▸ **Work instructions**:
In the records below, which lines include "bool"? Copy them.

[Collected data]
(* Let $n\ge 2$ be an integer and $\Pi_2,\Pi_3>0$. Let $\mathbb{D}^2$ be the $n\times n$ circulant matrix with first row $(-2,1,0,\ldots,0,1)$, and let $A=\begin{bmatrix}0&I\\ \mathbb{D}^2&0\end{bmatrix}\in\mathbb{R}^{2n\times 2n}$, $B=\begin{bmatrix}0\\ I\end{bmatrix}\in\mathbb{R}^{2n\times n}$. Consider the linear quadratic regulator problem: minimize $$\int_0^\infty \boldsymbol{\Phi}(\tau)^T\begin{bmatrix}I&0\\0&\Pi_2 I\end{bmatrix}\boldsymbol{\Phi}(\tau)+\frac{1}{\Pi_3^2}\boldsymbol{\omega}(\tau)^T\boldsymbol{\omega}(\tau)\,d\tau$$ subject to $\frac{d}{d\tau}\boldsymbol{\Phi}(\tau)=A\boldsymbol{\Phi}(\tau)+B\boldsymbol{\omega}(\tau)$, with state $\boldsymbol{\Phi}(\tau)\in\mathbb{R}^{2n}$ and control $\boldsymbol{\omega}(\tau)\in\mathbb{R}^n$. Then the optimal feedback gain $K$ (so that the optimal control is $\boldsymbol{\omega}=-K\boldsymbol{\Phi}$) is $K=\begin{bmatrix}K_1&K_2\end{bmatrix}$ where $K_1,K_2$ are the circulant matrices $$K_1=F^{-1}\mathrm{diag}\big(\hat{K}_0(\kappa)\big)F,\qquad K_2=F^{-1}\mathrm{diag}\Big(\sqrt{2\hat{K}_0(\kappa)+\Pi_2\Pi_3^2}\Big)F,$$ with, for $\kappa\in\{0,\ldots,n-1\}$, $$\hat{K}_0(\kappa)=\hat{D}_{\kappa\kappa}+\sqrt{\hat{D}_{\kappa\kappa}^2+\Pi_3^2},\qquad \hat{D}_{\kappa\kappa}=-4\sin^2\!\left(\frac{\pi\kappa}{n}\right).$$ Equivalently, in the spatial frequency domain, $\hat{K}(\kappa)=\begin{bmatrix}\hat{K}_0(\kappa)&\sqrt{2\hat{K}_0(\kappa)+\Pi_2\Pi_3^2}\end{bmatrix}$.
   Context: $F$ denotes the $n\times n$ unitary discrete Fourier transform matrix, $F_{kj}=n^{-1/2}e^{-2\pi i kj/n}$ for $k,j\in\{0,\ldots,n-1\}$; $\mathrm{diag}(f(\kappa))$ is the $n\times n$ diagonal matrix whose $\kappa$-th diagonal entry is $f(\kappa)$, $\kappa=0,\ldots,n-1$. The optimal feedback gain of the LQR problem with cost $\int \boldsymbol{\Phi}^TQ\boldsymbol{\Phi}+\boldsymbol{\omega}^TR\boldsymbol{\omega}$ is $K=R^{-1}B^TP$, where $P$ is the symmetric positive definite (stabilizing) solution of the algebraic Riccati equation $PA+A^TP-PBR^{-1}B^TP+Q=0$. The nondimensional variables arise from the spatial discretization of the wave equation $\partial_t^2p=c^2\partial_x^2p+u$ on a circle, with $\Pi_2,\Pi_3$ weights on kinetic energy and (inverse) control effort. *)

theory Defs
  imports "Jordan_Normal_Form.Matrix" "Jordan_Normal_Form.Char_Poly"
begin

definition mat_inv :: "'a :: field mat \<Rightarrow> 'a mat" where
  "mat_inv M = (THE M'. M' \<in> carrier_mat (dim_row M) (dim_row M) \<and>
                        M * M' = 1\<^sub>m (dim_row M) \<and> M' * M = 1\<^sub>m (dim_row M))"

(* horizontal concatenation [X Y] *)
definition hcat :: "'a :: zero mat \<Rightarrow> 'a mat \<Rightarrow> 'a mat" where
  "hcat X Y = four_block_mat X Y (0\<^sub>m 0 (dim_col X)) (0\<^sub>m 0 (dim_col Y))"

(* D^2 = -2 I + S + S^T, S the cyclic shift: circulant with first row (-2,1,0,...,0,1) *)
definition D2 :: "nat \<Rightarrow> real mat" where
  "D2 n = mat n n (\<lambda>(i,j). (if i = j then -2 else 0)
                         + (if j = (i + 1) mod n then 1 else 0)
                         + (if i = (j + 1) mod n then 1 else 0))"

definition Amat :: "nat \<Rightarrow> real mat" where
  "Amat n = four_block_mat (0\<^sub>m n n) (1\<^sub>m n) (D2 n) (0\<^sub>m n n)"

definition Bmat :: "nat \<Rightarrow> real mat" where
  "Bmat n = (0\<^sub>m n n) @\<^sub>r (1\<^sub>m n)"

definition Qmat :: "nat \<Rightarrow> real \<Rightarrow> real mat" where
  "Qmat n \<Pi>2 = four_block_mat (1\<^sub>m n) (0\<^sub>m n n) (0\<^sub>m n n) (\<Pi>2 \<cdot>\<^sub>m 1\<^sub>m n)"

definition Rmat :: "nat \<Rightarrow> real \<Rightarrow> real mat" where
  "Rmat n \<Pi>3 = (1 / \<Pi>3\<^sup>2) \<cdot>\<^sub>m 1\<^sub>m n"

definition pos_def_mat :: "real mat \<Rightarrow> bool" where
  "pos_def_mat P \<longleftrightarrow> (\<forall>x \<in> carrier_vec (dim_row P). x \<noteq> 0\<^sub>v (dim_row P) \<longrightarrow> x \<bullet> (P *\<^sub>v x) > 0)"

definition hurwitz :: "real mat \<Rightarrow> bool" where
  "hurwitz M \<longleftrightarrow> (\<forall>z. eigenvalue (map_mat complex_of_real M) z \<longrightarrow> Re z < 0)"

definition care_solution :: "real mat \<Rightarrow> real mat \<Rightarrow> real mat \<Rightarrow> real mat \<Rightarrow> real mat \<Rightarrow> bool" where
  "care_solution A B Q R P \<longleftrightarrow>
     P \<in> carrier_mat (dim_row A) (dim_row A) \<and> P\<^sup>T = P \<and> pos_def_mat P \<and>
     P * A + A\<^sup>T * P - P * B * mat_inv R * B\<^sup>T * P + Q = 0\<^sub>m (dim_row A) (dim_row A) \<and>
     hurwitz (A - B * mat_inv R * B\<^sup>T * P)"

definition lqr_gain :: "real mat \<Rightarrow> real mat \<Rightarrow> real mat \<Rightarrow> real mat" where
  "lqr_gain B R P = mat_inv R * B\<^sup>T * P"

definition DFT :: "nat \<Rightarrow> complex mat" where
  "DFT n = mat n n (\<lambda>(k,j). complex_of_real (1 / sqrt (real n)) *
                            cis (- 2 * pi * real k * real j / real n))"

definition diag_c :: "nat \<Rightarrow> (nat \<Rightarrow> complex) \<Rightarrow> complex mat" where
  "diag_c n f = mat n n (\<lambda>(i,j). if i = j then f i else 0)"

definition Dhat :: "nat \<Rightarrow> nat \<Rightarrow> real" where
  "Dhat n \<kappa> = - 4 * (sin (pi * real \<kappa> / real n))\<^sup>2"

definition K0hat :: "nat \<Rightarrow> real \<Rightarrow> nat \<Rightarrow> real" where
  "K0hat n \<Pi>3 \<kappa> = Dhat n \<kappa> + sqrt ((Dhat n \<kappa>)\<^sup>2 + \<Pi>3\<^sup>2)"

definition K1mat :: "nat \<Rightarrow> real \<Rightarrow> complex mat" where
  "K1mat n \<Pi>3 = mat_inv (DFT n) * diag_c n (\<lambda>\<kappa>. complex_of_real (K0hat n \<Pi>3 \<kappa>)) * DFT n"

definition K2mat :: "nat \<Rightarrow> real \<Rightarrow> real \<Rightarrow> complex mat" where
  "K2mat n \<Pi>2 \<Pi>3 = mat_inv (DFT n) *
      diag_c n (\<lambda>\<kappa>. complex_of_real (sqrt (2 * K0hat n \<Pi>3 \<kappa> + \<Pi>2 * \<Pi>3\<^sup>2))) * DFT n"

end

theory Submission
  imports Defs "Jordan_Normal_Form.Schur_Decomposition"
begin

(* The unitary DFT diagonalises every circulant matrix, in particular D2 n, whose
   eigenvalues are Dhat n k. In Fourier coordinates the Riccati equation therefore splits into n
   decoupled 2x2 Riccati equations, one per frequency, whose stabilising solutions are explicit.
   Assembled, they give a symmetric positive definite P; at frequency k the closed loop A - B R^-1 B^T P
   has characteristic polynomial z^2 + K2 z + (K0 - Dhat) with positive coefficients, so it is Hurwitz.
   A stabilising solution of a CARE is unique: the difference X of two of them solves the Sylvester
   equation X M + N X = 0 with M and N Hurwitz, and Schur triangularisation of M shows X = 0.
   The optimal gain R^-1 B^T P is thus the pair of Fourier multipliers K1, K2. *)

section \<open>Stabilising solutions of the CARE are unique\<close>

lemma riccati_quadratic_assoc:
  assumes "P \<in> carrier_mat m m" "B \<in> carrier_mat m k" "Ri \<in> carrier_mat k k"
  shows "P * B * Ri * transpose_mat B * P = P * (B * Ri * transpose_mat B) * P"
proof -
  have "P * B * Ri = P * (B * Ri)"
    using assms by (rule assoc_mult_mat)
  moreover have "P * (B * Ri) * transpose_mat B = P * (B * Ri * transpose_mat B)"
    using assms by (intro assoc_mult_mat[of _ m m _ k _ m]) auto
  ultimately show ?thesis by simp
qed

▸ **Exercise output**:
definition pos_def_mat :: "real mat \<Rightarrow> bool" where
definition hurwitz :: "real mat \<Rightarrow> bool" where
definition care_solution :: "real mat \<Rightarrow> real mat \<Rightarrow> real mat \<Rightarrow> real mat \<Rightarrow> real mat \<Rightarrow> bool" where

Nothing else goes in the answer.